06-29-2016 10:04:55.643 -0400 WARN SHPSlave - event=SHPSlave::delegatedJobCompletion Failed to notify captain of job completion job=scheduler__nobody__prelert__RMD57403f7e9934e6f78_at_1467208920_3438_6408AC6F-431C-41D6-B4EE-7BE2A978D5D6. reason=failed method=POST path=/services/shcluster/captain/jobs/scheduler__nobody__prelert__RMD57403f7e9934e6f78_at_1467208920_3438_6408AC6F-431C-41D6-B4EE-7BE2A978D5D6/report_job_completion captain=xsplunkm3d:8089 rc=0 actual_response_code=500 expected_response_code=200 status_line=Internal Server Error error="<response>\n <messages>\n <msg type="ERROR">\n In handler 'shclustercaptainjobs': job completion failed peer=6408AC6F-431C-41D6-B4EE-7BE2A978D5D6 sid=scheduler__nobody__prelert__RMD57403f7e9934e6f78_at_1467208920_3438_6408AC6F-431C-41D6-B4EE-7BE2A978D5D6 (reason: event=SHPMaster::handleDelegatedJobCompletion peer=6408AC6F-431C-41D6-B4EE-7BE2A978D5D6 job=scheduler__nobody__prelert__RMD57403f7e9934e6f78_at_1467208920_3438_6408AC6F-431C-41D6-B4EE-7BE2A978D5D6 did not exist in map)</msg>\n </messages>\n</response>\n"
Does this give any clues to someone who knows the inner workings of this to say what's going wrong?
Perhaps refer to this issue: https://answers.splunk.com/answers/373084/bug-why-are-my-summary-searches-being-re-run-occas.html
Not in all cases, as I have seen this problem with Splunk 6.3.3, and the bug you refer to is claimed to be fixed in 6.3.0
Can anyone provide a response as to what this means?

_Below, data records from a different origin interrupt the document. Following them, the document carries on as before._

(* Let $(S,T,\alpha,\beta)$ be a matched product system of left inverse semi-braces. Then for all $a\in S$ and $u\in T$: $$\lambda_a\,\alpha_{\beta_a^{-1}(u)}=\alpha_u\,\lambda_{\alpha_u^{-1}(a)},\qquad \lambda_u\,\beta_{\alpha_u^{-1}(a)}=\beta_a\,\lambda_{\beta_a^{-1}(u)}$$ as maps $S\to S$ and $T\to T$ respectively.
   Context: An inverse semigroup is a semigroup $(S,\cdot)$ in which for each $a$ there is a unique $a^{-1}$ with $aa^{-1}a=a$, $a^{-1}aa^{-1}=a^{-1}$. A left inverse semi-brace is a triple $(S,+,\cdot)$ with $(S,+)$ a semigroup, $(S,\cdot)$ an inverse semigroup and $a(b+c)=ab+a(a^{-1}+c)$ for all $a,b,c$; in it set $\lambda_a(b)=a(a^{-1}+b)$ (similarly in $T$). A matched product system of left inverse semi-braces is a quadruple $(S,T,\alpha,\beta)$ where $S,T$ are left inverse semi-braces, $\alpha:T\to\mathrm{Aut}(S,+)$ is a homomorphism of inverse semigroups from $(T,\cdot)$ into the automorphism group of $(S,+)$, $\beta:S\to\mathrm{Aut}(T,+)$ is a homomorphism of inverse semigroups from $(S,\cdot)$ into the automorphism group of $(T,+)$ (write $\alpha_u=\alpha(u)$, $\beta_a=\beta(a)$, and $\alpha_u^{-1},\beta_a^{-1}$ for the inverse maps), such that for all $a,b\in S$, $u,v\in T$: $\alpha_u(\alpha_u^{-1}(a)\,b)=a\,\alpha_{\beta_a^{-1}(u)}(b)$ and $\beta_a(\beta_a^{-1}(u)\,v)=u\,\beta_{\alpha_u^{-1}(a)}(v)$; and if $\alpha_u(\alpha_u^{-1}(a)\,a)=a$ and $\beta_a(\beta_a^{-1}(u)\,u)=u$, then $\alpha_u(a)=a$ and $\beta_a(u)=u$. *)

theory Defs
  imports Main
begin

text \<open>Structures are carried by whole types: S is the type 'a with operations
  add (+) and mult (\<cdot>).\<close>

definition semigroup_op :: "('a \<Rightarrow> 'a \<Rightarrow> 'a) \<Rightarrow> bool" where
  "semigroup_op f \<longleftrightarrow> (\<forall>a b c. f (f a b) c = f a (f b c))"

definition inverse_semigroup :: "('a \<Rightarrow> 'a \<Rightarrow> 'a) \<Rightarrow> bool" where
  "inverse_semigroup mult \<longleftrightarrow> semigroup_op mult \<and>
     (\<forall>a. \<exists>!b. mult (mult a b) a = a \<and> mult (mult b a) b = b)"

definition isg_inv :: "('a \<Rightarrow> 'a \<Rightarrow> 'a) \<Rightarrow> 'a \<Rightarrow> 'a" where
  "isg_inv mult a = (THE b. mult (mult a b) a = a \<and> mult (mult b a) b = b)"

definition left_inverse_semi_brace :: "('a \<Rightarrow> 'a \<Rightarrow> 'a) \<Rightarrow> ('a \<Rightarrow> 'a \<Rightarrow> 'a) \<Rightarrow> bool" where
  "left_inverse_semi_brace add mult \<longleftrightarrow> semigroup_op add \<and> inverse_semigroup mult \<and>
     (\<forall>a b c. mult a (add b c) = add (mult a b) (mult a (add (isg_inv mult a) c)))"

definition lam :: "('a \<Rightarrow> 'a \<Rightarrow> 'a) \<Rightarrow> ('a \<Rightarrow> 'a \<Rightarrow> 'a) \<Rightarrow> 'a \<Rightarrow> 'a \<Rightarrow> 'a" where
  "lam add mult a b = mult a (add (isg_inv mult a) b)"

definition add_aut :: "('a \<Rightarrow> 'a \<Rightarrow> 'a) \<Rightarrow> ('a \<Rightarrow> 'a) \<Rightarrow> bool" where
  "add_aut add f \<longleftrightarrow> bij f \<and> (\<forall>a b. f (add a b) = add (f a) (f b))"

definition hom_into_aut :: "('b \<Rightarrow> 'b \<Rightarrow> 'b) \<Rightarrow> ('a \<Rightarrow> 'a \<Rightarrow> 'a) \<Rightarrow> ('b \<Rightarrow> 'a \<Rightarrow> 'a) \<Rightarrow> bool" where
  "hom_into_aut multT addS \<alpha> \<longleftrightarrow> (\<forall>u. add_aut addS (\<alpha> u)) \<and>
     (\<forall>u v. \<alpha> (multT u v) = \<alpha> u \<circ> \<alpha> v)"

definition matched_product_system ::
  "('a \<Rightarrow> 'a \<Rightarrow> 'a) \<Rightarrow> ('a \<Rightarrow> 'a \<Rightarrow> 'a) \<Rightarrow> ('b \<Rightarrow> 'b \<Rightarrow> 'b) \<Rightarrow> ('b \<Rightarrow> 'b \<Rightarrow> 'b)
   \<Rightarrow> ('b \<Rightarrow> 'a \<Rightarrow> 'a) \<Rightarrow> ('a \<Rightarrow> 'b \<Rightarrow> 'b) \<Rightarrow> bool" where
  "matched_product_system addS multS addT multT \<alpha> \<beta> \<longleftrightarrow>
     left_inverse_semi_brace addS multS \<and> left_inverse_semi_brace addT multT \<and>
     hom_into_aut multT addS \<alpha> \<and> hom_into_aut multS addT \<beta> \<and>
     (\<forall>a b u. \<alpha> u (multS (inv (\<alpha> u) a) b) = multS a (\<alpha> (inv (\<beta> a) u) b)) \<and>
     (\<forall>a u v. \<beta> a (multT (inv (\<beta> a) u) v) = multT u (\<beta> (inv (\<alpha> u) a) v)) \<and>
     (\<forall>a u. \<alpha> u (multS (inv (\<alpha> u) a) a) = a \<and> \<beta> a (multT (inv (\<beta> a) u) u) = u
        \<longrightarrow> \<alpha> u a = a \<and> \<beta> a u = u)"

end

theory Submission
  imports Defs
begin

text \<open>Write \<open>c = \<alpha>\<^sub>u\<^sup>-\<^sup>1(a)\<close> and \<open>w = \<beta>\<^sub>a\<^sup>-\<^sup>1(u)\<close>. The compatibility
  \<open>\<alpha>\<^sub>u(c y) = a \<alpha>\<^sub>w(y)\<close> together with the semi-brace law
  \<open>c(x + b) = c x + \<lambda>\<^sub>c(b)\<close>, applied to \<open>x = \<alpha>\<^sub>w\<^sup>-\<^sup>1(a\<^sup>-\<^sup>1)\<close>, gives
  \<open>\<lambda>\<^sub>a(\<alpha>\<^sub>w(b)) = a a\<^sup>-\<^sup>1 + \<alpha>\<^sub>u(\<lambda>\<^sub>c(b))\<close>. Since \<open>\<lambda>\<^sub>c(b)\<close> absorbs the idempotent
  \<open>c c\<^sup>-\<^sup>1\<close> added on the left, it suffices to show \<open>\<alpha>\<^sub>u(c c\<^sup>-\<^sup>1) = a a\<^sup>-\<^sup>1\<close>.
  Since \<open>\<beta>\<close> maps idempotents of \<open>S\<close> to the identity, \<open>\<alpha>\<^sub>u\<close> intertwines left multiplication by
  \<open>\<alpha>\<^sub>u\<^sup>-\<^sup>1(a a\<^sup>-\<^sup>1)\<close> with left multiplication by \<open>a a\<^sup>-\<^sup>1\<close>; hence \<open>\<alpha>\<^sub>u\<^sup>-\<^sup>1(a a\<^sup>-\<^sup>1)\<close>
  is an idempotent in \<open>c S\<close> fixing \<open>c\<close> from the left, and in an inverse semigroup,
  where idempotents commute, the only such idempotent is \<open>c c\<^sup>-\<^sup>1\<close>.
  The second identity is the first one for the swapped system \<open>(T, S, \<beta>, \<alpha>)\<close>.\<close>

locale inverse_semigroup_mult =
  fixes mult :: "'a \<Rightarrow> 'a \<Rightarrow> 'a" (infixl "\<cdot>" 70)
  assumes inverse_semigroup: "inverse_semigroup mult"
begin

abbreviation ginv :: "'a \<Rightarrow> 'a" where
  "ginv \<equiv> isg_inv mult"

lemma assoc: "a \<cdot> b \<cdot> c = a \<cdot> (b \<cdot> c)"
  using inverse_semigroup unfolding inverse_semigroup_def semigroup_op_def by blast

lemma ginv_props: "a \<cdot> ginv a \<cdot> a = a \<and> ginv a \<cdot> a \<cdot> ginv a = ginv a"
  unfolding isg_inv_def
  by (rule theI') (use inverse_semigroup in \<open>simp add: inverse_semigroup_def\<close>)

lemma mult_ginv_mult: "a \<cdot> ginv a \<cdot> a = a"
  using ginv_props by blast

lemma ginv_mult_ginv: "ginv a \<cdot> a \<cdot> ginv a = ginv a"
  using ginv_props by blast

lemma ginv_unique: "a \<cdot> b \<cdot> a = a \<Longrightarrow> b \<cdot> a \<cdot> b = b \<Longrightarrow> b = ginv a"
  using inverse_semigroup ginv_props unfolding inverse_semigroup_def by blast

lemma mult_ginv_idempotent: "a \<cdot> ginv a \<cdot> (a \<cdot> ginv a) = a \<cdot> ginv a"
  by (simp add: assoc[symmetric] mult_ginv_mult)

To my understand of the logs, the scheduled search "My Report" was ran twice on two different nodes of the search head cluster. Please confirm this?!
Yes, but I believe I found the issue in that I had 2 saved searches named the same and executing at the same time. 1 private, 1 app level. It hasnt happened since I reported this.